The cmp
used with sort
can't help with this; it has no notion of encodings and merely compares by codepoint, character by character, with surprises in many languages. Use Unicode::Collate.† See this post for a bit more and for far more this post by tchrist and this perl.com article.
The other issue is of reading (decoding) input and writing (encoding) output in utf8 correctly. One way to ensure that data on standard streams is handled is via the open pragma, with which you can set "layers" so that input and output is decoded/encoded as data is read/written.
Altogether, an example
use warnings;
use strict;
use feature 'say';
use Unicode::Collate;
use open ":std", ":encoding(UTF-8)";
my $file = ...;
open my $fh, '<', $file or die "Can't open $file: $!";
my @lines = <$fh>;
chomp @lines;
my $uc = Unicode::Collate->new();
my @sorted = $uc->sort(@lines);
say for @sorted;
The module's cmp
method can be used for individual comparisons (if data
is in a complex data structure and not just a flat list of lines, for instance)

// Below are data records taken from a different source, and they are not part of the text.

lemma parallel_pentagon_cyclic:
  assumes "parallel_pentagon P"
  obtains q \<tau> s where "cyclic_pentagon q \<tau> s" and "P = convex hull (q ` {..<5})"
proof -
  obtain p t and s :: real where
    orientation: "s = 1 \<or> s = -1"
    and sides: "\<forall>k<5. t k > 0 \<and> p (Suc k mod 5) - p k = (s * t k) *\<^sub>R (vK (Suc k mod 5) - vK k)"
    and P: "P = convex hull (p ` {..<5})"
    using assms unfolding parallel_pentagon_def by blast
  define q where "q k = p (k mod 5)" for k
  define \<tau> where "\<tau> k = t (k mod 5)" for k
  have "cyclic_pentagon q \<tau> s"
  proof
    fix k
    have edge: "p (Suc (k mod 5) mod 5) - p (k mod 5)
        = (s * t (k mod 5)) *\<^sub>R (vK (Suc (k mod 5) mod 5) - vK (k mod 5))"
      and "0 < t (k mod 5)"
      using sides by simp_all
    thus "0 < \<tau> k" by (simp add: \<tau>_def)
    show "q (Suc k) - q k = (s * \<tau> k) *\<^sub>R (vK (Suc k) - vK k)"
      using edge by (simp add: q_def \<tau>_def mod_Suc_eq vK_mod)
  qed (simp_all add: orientation q_def \<tau>_def)
  moreover have "p ` {..<5} = q ` {..<5}"
    by (auto simp: q_def)
  ultimately show ?thesis using that P by simp
qed

lemma heights_balance:
  fixes \<tau> :: "nat \<Rightarrow> real"
  defines "H \<equiv> height_of_sides \<tau>"
  assumes period: "\<tau> 5 = \<tau> 0"
    and closure: "\<And>l. H l = dB * \<tau> (l + 3) + dA * \<tau> (l + 4)"
  shows "dA * ((H 0 - H 2) + (H 1 - H 4)) + dB * ((H 0 - H 3) + (H 1 - H 3)) = 0"
proof -
  have "dA * \<tau> 0 + dB * \<tau> 1 = dB * \<tau> 3 + dA * \<tau> 4"
    and "dA * \<tau> 1 + dB * \<tau> 2 = dB * \<tau> 4 + dA * \<tau> 0"
    using closure[of 0] closure[of 1] period by (simp_all add: H_def height_of_sides_def eval_nat_numeral)
  thus ?thesis
    using dB_eq dA_quadratic period unfolding H_def height_of_sides_def
    by (simp add: eval_nat_numeral) algebra
qed

lemma equal_heights_of_adjacent_maxima:
  fixes \<tau> :: "nat \<Rightarrow> real"
  defines "H \<equiv> height_of_sides \<tau>"
  assumes period: "\<tau> 5 = \<tau> 0"
    and closure: "\<And>l. H l = dB * \<tau> (l + 3) + dA * \<tau> (l + 4)"
    and maxima: "\<And>m. m \<in> {2, 3, 4} \<Longrightarrow> H m \<le> H 0 \<and> H m \<le> H 1"
    and "m < 5"
  shows "H m = H 0"
proof -
  have balance: "dA * (H 0 - H 2) + dA * (H 1 - H 4) + dB * (H 0 - H 3) + dB * (H 1 - H 3) = 0"
    using heights_balance[of \<tau>] period closure unfolding H_def by (simp add: algebra_simps)
  have "0 \<le> dA * (H 0 - H 2)" "0 \<le> dA * (H 1 - H 4)" "0 \<le> dB * (H 0 - H 3)" "0 \<le> dB * (H 1 - H 3)"
    using maxima[of 2] maxima[of 3] maxima[of 4] dA_pos dB_pos by simp_all
  hence "dA * (H 0 - H 2) = 0" "dA * (H 1 - H 4) = 0" "dB * (H 0 - H 3) = 0" "dB * (H 1 - H 3) = 0"
    using balance by linarith+
  hence "H 2 = H 0" "H 4 = H 1" "H 3 = H 0" "H 3 = H 1"
    using dA_pos dB_pos by simp_all
  moreover have "m = 0 \<or> m = 1 \<or> m = 2 \<or> m = 3 \<or> m = 4" using \<open>m < 5\<close> by auto
  ultimately show ?thesis by auto
qed

(* Equal heights force equal sides: the differences d k = tau k - tau (k+1) satisfy
   d (k+1) = -r * d k with r > 0, and 5-periodicity gives (1 + r^5) * d 0 = 0. *)
lemma equal_sides_of_equal_heights:
  fixes \<tau> :: "nat \<Rightarrow> real"
  assumes periodic: "\<And>k. \<tau> (k mod 5) = \<tau> k"
    and equal: "\<And>l. height_of_sides \<tau> (Suc l) = height_of_sides \<tau> l"
  shows "\<tau> k = \<tau> 0"
proof -
  define d where "d k = \<tau> k - \<tau> (Suc k)" for k
  define r where "r = dA / dB"
  have recur: "d (Suc k) = - r * d k" for k
  proof -
    have "dA * d k + dB * d (Suc k) = 0"
      using equal[of k] by (simp add: d_def height_of_sides_def algebra_simps)
    thus ?thesis using dB_pos by (simp add: r_def field_simps)
  qed
  have power: "d k = (- r) ^ k * d 0" for k
    by (induction k) (simp_all add: recur)
  have "d 5 = d 0"
    using periodic[of 5] periodic[of 6] by (simp add: d_def)
  hence "(1 + r ^ 5) * d 0 = 0"
    using power[of 5] by (simp add: algebra_simps)
  moreover have "0 < 1 + r ^ 5"
    using dA_pos dB_pos by (simp add: r_def add_pos_pos)
  ultimately have "d k = 0" for k
    using power[of k] by simp
  thus ?thesis
    by (induction k) (simp_all add: d_def)
qed

(* The combination of the two previous lemmas for adjacent maxima at i, i+1,
   reduced to i = 0 by shifting the side sequence. *)
lemma equal_sides_of_adjacent_maxima:
  fixes \<tau> :: "nat \<Rightarrow> real" and i :: nat
  defines "H \<equiv> height_of_sides \<tau>"
  assumes periodic: "\<And>k. \<tau> (k mod 5) = \<tau> k"
    and closure: "\<And>l. H l = dB * \<tau> (l + 3) + dA * \<tau> (l + 4)"
    and maxima: "\<And>m. m \<in> {2, 3, 4} \<Longrightarrow> H (i + m) \<le> H i \<and> H (i + m) \<le> H (i + 1)"
  shows "\<tau> k = \<tau> 0"
proof -
  define \<sigma> where "\<sigma> k = \<tau> (i + k)" for k
  have shift: "height_of_sides \<sigma> l = H (i + l)" for l
    by (simp add: \<sigma>_def H_def height_of_sides_def)
  have \<sigma>_periodic: "\<sigma> (k mod 5) = \<sigma> k" for k
    using periodic[of "i + k mod 5"] periodic[of "i + k"] by (simp add: \<sigma>_def mod_add_right_eq)
  have "height_of_sides \<sigma> m = height_of_sides \<sigma> 0" if "m < 5" for m
    using that by (intro equal_heights_of_adjacent_maxima)
      (use closure maxima \<sigma>_periodic[of 5] in \<open>simp_all add: shift \<sigma>_def add.assoc\<close>)
  moreover have "height_of_sides \<sigma> (l mod 5) = height_of_sides \<sigma> l" for l
    using \<sigma>_periodic[of l] \<sigma>_periodic[of "l mod 5 + 1"] \<sigma>_periodic[of "l + 1"]
    by (simp add: height_of_sides_def mod_Suc_eq)
  ultimately have "height_of_sides \<sigma> (Suc l) = height_of_sides \<sigma> l" for l
    by (metis mod_less_divisor zero_less_numeral)
  hence \<sigma>_const: "\<sigma> k = \<sigma> 0" for k
    by (rule equal_sides_of_equal_heights[of \<sigma>, OF \<sigma>_periodic])
  have "\<tau> k = \<sigma> (k + 4 * i)" for k
    using periodic[of k] periodic[of "i + (k + 4 * i)"] by (simp add: \<sigma>_def)
  thus ?thesis using \<sigma>_const by metis
qed
(* Let $\mathbb W=(W,I,\preccurlyeq,\circ,{}^\sim,{}^-,{}^\neg)$ be a DqRA-frame. For upsets $U$ of $(W,\preccurlyeq)$ define ${\sim}U=\{w\mid w^-\notin U\}$, $-U=\{w\mid w^\sim\notin U\}$, and $\neg U=\{x\in W\mid x^\neg\notin U\}$. Then $\mathbb W^+=(\mathsf{Up}(W,\preccurlyeq),\cap,\cup,\circ,I,\sim,-,\neg)$ is a distributive quasi relation algebra (DqRA).
   Context: For a set $W$ and $\circ:W\times W\to\mathcal P(W)$, $U\circ V=\bigcup\{a\circ b\mid a\in U,b\in V\}$, $x\circ V=\{x\}\circ V$, $U\circ y=U\circ\{y\}$; superscripts compose left to right, e.g. $x^{\sim\neg}=(x^\sim)^\neg$. $\mathsf{Up}(W,\preccurlyeq)$ is the set of upsets. A DInFL-frame is a tuple $(W,I,\preccurlyeq,\circ,{}^\sim,{}^-)$ with $I\subseteq W$, $\preccurlyeq$ a partial order, $\circ:W\times W\to\mathcal P(W)$, ${}^\sim,{}^-:W\to W$, such that for all $u,v,x,y,z$: (F1) $x\preccurlyeq y$ iff $y\in I\circ x$ iff $y\in x\circ I$; (F2) $x\preccurlyeq y$, $x\in I$ imply $y\in I$; (F3) $x\preccurlyeq y$, $x\in u\circ v$ imply $y\in u\circ v$; (F4) $(x\circ y)\circ z=x\circ(y\circ z)$; (F5) $z^\sim\in x\circ y$ iff $y^-\in z\circ x$; (F6) $x^{\sim-}\preccurlyeq x$ and $x^{-\sim}\preccurlyeq x$. A DqRA-frame is a tuple $(W,I,\preccurlyeq,\circ,{}^\sim,{}^-,{}^\neg)$ such that the first six components form a DInFL-frame and ${}^\neg:W\to W$ satisfies: (F7) $x^{\neg\neg}=x$; (F8) $x\preccurlyeq y$ implies $y^\neg\preccurlyeq x^\neg$; (F9) $z^-\in x\circ y$ iff $z^\neg\in y^{\sim\neg}\circ x^{\sim\neg}$. An InFL-algebra is $(A,\wedge,\vee,\cdot,1,\sim,-)$ with a lattice, a monoid, and $a\cdot b\leqslant c\iff a\leqslant -(b\cdot{\sim}c)\iff b\leqslant{\sim}(-c\cdot a)$; $a+b:=-({\sim}b\cdot{\sim}a)$. A quasi relation algebra is $(A,\wedge,\vee,\cdot,1,\sim,-,\neg)$ where the $\neg$-free reduct is an InFL-algebra, $\neg\neg a=a$, $\neg(a\wedge b)=\neg a\vee\neg b$, and $\neg(a\cdot b)=\neg a+\neg b$. A DqRA is a quasi relation algebra with distributive lattice reduct. *)

theory Defs
  imports Main
begin

definition setcomp :: "('a \<Rightarrow> 'a \<Rightarrow> 'a set) \<Rightarrow> 'a set \<Rightarrow> 'a set \<Rightarrow> 'a set" where
  "setcomp c U V = (\<Union>a\<in>U. \<Union>b\<in>V. c a b)"

definition partial_order_on_set :: "'a set \<Rightarrow> ('a \<Rightarrow> 'a \<Rightarrow> bool) \<Rightarrow> bool" where
  "partial_order_on_set W le \<longleftrightarrow>
     (\<forall>x\<in>W. le x x) \<and>
     (\<forall>x\<in>W. \<forall>y\<in>W. \<forall>z\<in>W. le x y \<and> le y z \<longrightarrow> le x z) \<and>
     (\<forall>x\<in>W. \<forall>y\<in>W. le x y \<and> le y x \<longrightarrow> x = y)"

definition DInFL_frame ::
  "'a set \<Rightarrow> 'a set \<Rightarrow> ('a \<Rightarrow> 'a \<Rightarrow> bool) \<Rightarrow> ('a \<Rightarrow> 'a \<Rightarrow> 'a set)
    \<Rightarrow> ('a \<Rightarrow> 'a) \<Rightarrow> ('a \<Rightarrow> 'a) \<Rightarrow> bool" where
  "DInFL_frame W I le c tld mn \<longleftrightarrow>
     I \<subseteq> W \<and> partial_order_on_set W le \<and>
     (\<forall>x\<in>W. \<forall>y\<in>W. c x y \<subseteq> W) \<and>
     (\<forall>x\<in>W. tld x \<in> W) \<and> (\<forall>x\<in>W. mn x \<in> W) \<and>
     \<comment> \<open>(F1)\<close>
     (\<forall>x\<in>W. \<forall>y\<in>W. (le x y \<longleftrightarrow> y \<in> setcomp c I {x}) \<and> (le x y \<longleftrightarrow> y \<in> setcomp c {x} I)) \<and>
     \<comment> \<open>(F2)\<close>
     (\<forall>x\<in>W. \<forall>y\<in>W. le x y \<and> x \<in> I \<longrightarrow> y \<in> I) \<and>
     \<comment> \<open>(F3)\<close>
     (\<forall>u\<in>W. \<forall>v\<in>W. \<forall>x\<in>W. \<forall>y\<in>W. le x y \<and> x \<in> c u v \<longrightarrow> y \<in> c u v) \<and>
     \<comment> \<open>(F4)\<close>
     (\<forall>x\<in>W. \<forall>y\<in>W. \<forall>z\<in>W. setcomp c (c x y) {z} = setcomp c {x} (c y z)) \<and>
     \<comment> \<open>(F5)\<close>
     (\<forall>x\<in>W. \<forall>y\<in>W. \<forall>z\<in>W. tld z \<in> c x y \<longleftrightarrow> mn y \<in> c z x) \<and>
     \<comment> \<open>(F6)\<close>
     (\<forall>x\<in>W. le (mn (tld x)) x \<and> le (tld (mn x)) x)"

definition DqRA_frame ::
  "'a set \<Rightarrow> 'a set \<Rightarrow> ('a \<Rightarrow> 'a \<Rightarrow> bool) \<Rightarrow> ('a \<Rightarrow> 'a \<Rightarrow> 'a set)
    \<Rightarrow> ('a \<Rightarrow> 'a) \<Rightarrow> ('a \<Rightarrow> 'a) \<Rightarrow> ('a \<Rightarrow> 'a) \<Rightarrow> bool" where
  "DqRA_frame W I le c tld mn ng \<longleftrightarrow>
     DInFL_frame W I le c tld mn \<and>
     (\<forall>x\<in>W. ng x \<in> W) \<and>
     \<comment> \<open>(F7)\<close>
     (\<forall>x\<in>W. ng (ng x) = x) \<and>
     \<comment> \<open>(F8)\<close>
     (\<forall>x\<in>W. \<forall>y\<in>W. le x y \<longrightarrow> le (ng y) (ng x)) \<and>
     \<comment> \<open>(F9)\<close>
     (\<forall>x\<in>W. \<forall>y\<in>W. \<forall>z\<in>W. mn z \<in> c x y \<longleftrightarrow> ng z \<in> c (ng (tld y)) (ng (tld x)))"

definition Up :: "'a set \<Rightarrow> ('a \<Rightarrow> 'a \<Rightarrow> bool) \<Rightarrow> 'a set set" where
  "Up W le = {U. U \<subseteq> W \<and> (\<forall>x\<in>W. \<forall>y\<in>W. x \<in> U \<and> le x y \<longrightarrow> y \<in> U)}"

definition up_tilde :: "'a set \<Rightarrow> ('a \<Rightarrow> 'a) \<Rightarrow> 'a set \<Rightarrow> 'a set" where
  "up_tilde W mn U = {w\<in>W. mn w \<notin> U}"

definition up_minus :: "'a set \<Rightarrow> ('a \<Rightarrow> 'a) \<Rightarrow> 'a set \<Rightarrow> 'a set" where
  "up_minus W tld U = {w\<in>W. tld w \<notin> U}"

definition up_neg :: "'a set \<Rightarrow> ('a \<Rightarrow> 'a) \<Rightarrow> 'a set \<Rightarrow> 'a set" where
  "up_neg W ng U = {x\<in>W. ng x \<notin> U}"

definition lattice_on :: "'b set \<Rightarrow> ('b \<Rightarrow> 'b \<Rightarrow> 'b) \<Rightarrow> ('b \<Rightarrow> 'b \<Rightarrow> 'b) \<Rightarrow> bool" where
  "lattice_on A mt jn \<longleftrightarrow>
     (\<forall>a\<in>A. \<forall>b\<in>A. mt a b \<in> A \<and> jn a b \<in> A) \<and>
     (\<forall>a\<in>A. \<forall>b\<in>A. mt a b = mt b a \<and> jn a b = jn b a) \<and>
     (\<forall>a\<in>A. \<forall>b\<in>A. \<forall>c\<in>A. mt (mt a b) c = mt a (mt b c) \<and> jn (jn a b) c = jn a (jn b c)) \<and>
     (\<forall>a\<in>A. \<forall>b\<in>A. mt a (jn a b) = a \<and> jn a (mt a b) = a)"

definition lat_le :: "('b \<Rightarrow> 'b \<Rightarrow> 'b) \<Rightarrow> 'b \<Rightarrow> 'b \<Rightarrow> bool" where
  "lat_le mt a b \<longleftrightarrow> mt a b = a"

definition monoid_on :: "'b set \<Rightarrow> ('b \<Rightarrow> 'b \<Rightarrow> 'b) \<Rightarrow> 'b \<Rightarrow> bool" where
  "monoid_on A m e \<longleftrightarrow> e \<in> A \<and>
     (\<forall>a\<in>A. \<forall>b\<in>A. m a b \<in> A) \<and>
     (\<forall>a\<in>A. \<forall>b\<in>A. \<forall>c\<in>A. m (m a b) c = m a (m b c)) \<and>
     (\<forall>a\<in>A. m e a = a \<and> m a e = a)"

definition InFL_algebra ::
  "'b set \<Rightarrow> ('b \<Rightarrow> 'b \<Rightarrow> 'b) \<Rightarrow> ('b \<Rightarrow> 'b \<Rightarrow> 'b) \<Rightarrow> ('b \<Rightarrow> 'b \<Rightarrow> 'b) \<Rightarrow> 'b
    \<Rightarrow> ('b \<Rightarrow> 'b) \<Rightarrow> ('b \<Rightarrow> 'b) \<Rightarrow> bool" where
  "InFL_algebra A mt jn m e tld mn \<longleftrightarrow>
     lattice_on A mt jn \<and> monoid_on A m e \<and>
     (\<forall>a\<in>A. tld a \<in> A \<and> mn a \<in> A) \<and>
     (\<forall>a\<in>A. \<forall>b\<in>A. \<forall>c\<in>A.
        (lat_le mt (m a b) c \<longleftrightarrow> lat_le mt a (mn (m b (tld c)))) \<and>
        (lat_le mt a (mn (m b (tld c))) \<longleftrightarrow> lat_le mt b (tld (m (mn c) a))))"

definition fis_plus :: "('b \<Rightarrow> 'b \<Rightarrow> 'b) \<Rightarrow> ('b \<Rightarrow> 'b) \<Rightarrow> ('b \<Rightarrow> 'b) \<Rightarrow> 'b \<Rightarrow> 'b \<Rightarrow> 'b" where
  "fis_plus m tld mn a b = mn (m (tld b) (tld a))"

definition qRA ::
  "'b set \<Rightarrow> ('b \<Rightarrow> 'b \<Rightarrow> 'b) \<Rightarrow> ('b \<Rightarrow> 'b \<Rightarrow> 'b) \<Rightarrow> ('b \<Rightarrow> 'b \<Rightarrow> 'b) \<Rightarrow> 'b
    \<Rightarrow> ('b \<Rightarrow> 'b) \<Rightarrow> ('b \<Rightarrow> 'b) \<Rightarrow> ('b \<Rightarrow> 'b) \<Rightarrow> bool" where
  "qRA A mt jn m e tld mn ng \<longleftrightarrow>
     InFL_algebra A mt jn m e tld mn \<and>
     (\<forall>a\<in>A. ng a \<in> A) \<and>
     (\<forall>a\<in>A. ng (ng a) = a) \<and>
     (\<forall>a\<in>A. \<forall>b\<in>A. ng (mt a b) = jn (ng a) (ng b)) \<and>
     (\<forall>a\<in>A. \<forall>b\<in>A. ng (m a b) = fis_plus m tld mn (ng a) (ng b))"

definition DqRA ::
  "'b set \<Rightarrow> ('b \<Rightarrow> 'b \<Rightarrow> 'b) \<Rightarrow> ('b \<Rightarrow> 'b \<Rightarrow> 'b) \<Rightarrow> ('b \<Rightarrow> 'b \<Rightarrow> 'b) \<Rightarrow> 'b
    \<Rightarrow> ('b \<Rightarrow> 'b) \<Rightarrow> ('b \<Rightarrow> 'b) \<Rightarrow> ('b \<Rightarrow> 'b) \<Rightarrow> bool" where
  "DqRA A mt jn m e tld mn ng \<longleftrightarrow>
     qRA A mt jn m e tld mn ng \<and>
     (\<forall>a\<in>A. \<forall>b\<in>A. \<forall>c\<in>A. mt a (jn b c) = jn (mt a b) (mt a c))"

end

theory Submission
  imports Defs
begin

(*
  The frame conditions make x |-> x~ and x |-> x- mutually inverse, order-reversing
  bijections of W, and (F5) says that the ternary relation z : x o y is invariant under the
  rotation (x, y, z) |-> (z-, x, y-). Consequently the lifted product of upsets is residuated:
  u lies in -(V o ~X) iff {u} o V <= X, and v lies in ~(-X o U) iff U o {v} <= X.
  Iterating the rotation turns z~ : x o y into z- : x-- o y--, and combined with (F9) this is the
  De Morgan law  neg (U o V) = neg U + neg V.
*)

lemma mem_setcomp_iff: "y \<in> setcomp c U V \<longleftrightarrow> (\<exists>a\<in>U. \<exists>b\<in>V. y \<in> c a b)"
  by (auto simp: setcomp_def)

lemma setcomp_subset_iff_left: "setcomp c U V \<subseteq> X \<longleftrightarrow> (\<forall>u\<in>U. setcomp c {u} V \<subseteq> X)"
  and setcomp_subset_iff_right: "setcomp c U V \<subseteq> X \<longleftrightarrow> (\<forall>v\<in>V. setcomp c U {v} \<subseteq> X)"
  by (auto simp: subset_iff mem_setcomp_iff)

lemma lat_le_Int_iff_subset: "lat_le (\<inter>) X Y \<longleftrightarrow> X \<subseteq> Y"
  by (auto simp: lat_le_def)

lemma Up_subset: "U \<in> Up W le \<Longrightarrow> U \<subseteq> W"
  by (simp add: Up_def)

lemma Up_upward: "U \<in> Up W le \<Longrightarrow> x \<in> U \<Longrightarrow> y \<in> W \<Longrightarrow> le x y \<Longrightarrow> y \<in> U"
  by (auto simp: Up_def)

lemma UpI: "U \<subseteq> W \<Longrightarrow> (\<And>x y. x \<in> U \<Longrightarrow> y \<in> W \<Longrightarrow> le x y \<Longrightarrow> y \<in> U) \<Longrightarrow> U \<in> Up W le"
  by (auto simp: Up_def)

my @sorted = map { $uc->cmp($a, $b) } @data;
where $a
and $b
need be set suitably so to extract what to compare from @data
.
If you have utf8 data right in the source you need use utf8
, while if you receive utf8 via yet other channels (from @ARGV
included) you may need to manually Encode::decode those strings.
Please see the linked post (and links in it) and documentation for more detail. See this perlmonks post for far more rounded information. See this Effective Perler article on custom sorting.
† Example: by codepoint comparison ä
> b
while the accepted order in German is ä
< b
perl -MUnicode::Collate -wE'use utf8; binmode STDOUT, ":encoding(UTF-8)";
@s = qw(ä b);
say join " ", sort { $a cmp $b } @s; #--> b ä
say join " ", Unicode::Collate->new->sort(@s); #--> ä b
'
so we need to use Unicode::Collate
(or a custom sort routine).